section \<open>Reduction of the steady-state equations to one cubic\<close>

locale two_strain =
  fixes \<beta>1 \<beta>2 \<gamma>1 \<gamma>2 \<sigma>12 \<sigma>21 :: real
  assumes \<beta>1: "\<beta>1 > 0" and \<beta>2: "\<beta>2 > 0" and \<gamma>1: "\<gamma>1 > 0" and \<gamma>2: "\<gamma>2 > 0"
    and \<sigma>21_pos: "0 < \<sigma>21" and \<sigma>21_le_\<sigma>12: "\<sigma>21 \<le> \<sigma>12" and \<sigma>12_le_1: "\<sigma>12 \<le> 1"
begin

lemma \<sigma>12_pos: "\<sigma>12 > 0" using \<sigma>21_pos \<sigma>21_le_\<sigma>12 by linarith
lemma \<sigma>21_le_1: "\<sigma>21 \<le> 1" using \<sigma>21_le_\<sigma>12 \<sigma>12_le_1 by linarith

definition endemic :: "real \<Rightarrow> state \<Rightarrow> bool" where
  "endemic \<mu> x \<longleftrightarrow> steady_state \<beta>1 \<beta>2 \<gamma>1 \<gamma>2 \<sigma>12 \<sigma>21 \<mu> x \<and> feasible x \<and> I1_of x > 0 \<and> I2_of x > 0"

definition A :: "real \<Rightarrow> real" where "A \<mu> = (\<gamma>1 + \<mu>) / \<beta>1"
definition B :: "real \<Rightarrow> real" where "B \<mu> = (\<gamma>2 + \<mu>) / \<beta>2"

lemma A_pos: "\<mu> \<ge> 0 \<Longrightarrow> A \<mu> > 0" using \<beta>1 \<gamma>1 by (simp add: A_def)
lemma B_pos: "\<mu> \<ge> 0 \<Longrightarrow> B \<mu> > 0" using \<beta>2 \<gamma>2 by (simp add: B_def)

lemma repr_num_eq: "\<mu> \<ge> 0 \<Longrightarrow> repr_num \<beta>1 \<gamma>1 \<mu> = 1 / A \<mu> \<and> repr_num \<beta>2 \<gamma>2 \<mu> = 1 / B \<mu>"
  by (simp add: repr_num_def A_def B_def)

=== Exercise ===
Find every line above where the word "definition" occurs, and copy that line.

=== Exercise result ===
definition endemic :: "real \<Rightarrow> state \<Rightarrow> bool" where
definition A :: "real \<Rightarrow> real" where "A \<mu> = (\<gamma>1 + \<mu>) / \<beta>1"
definition B :: "real \<Rightarrow> real" where "B \<mu> = (\<gamma>2 + \<mu>) / \<beta>2"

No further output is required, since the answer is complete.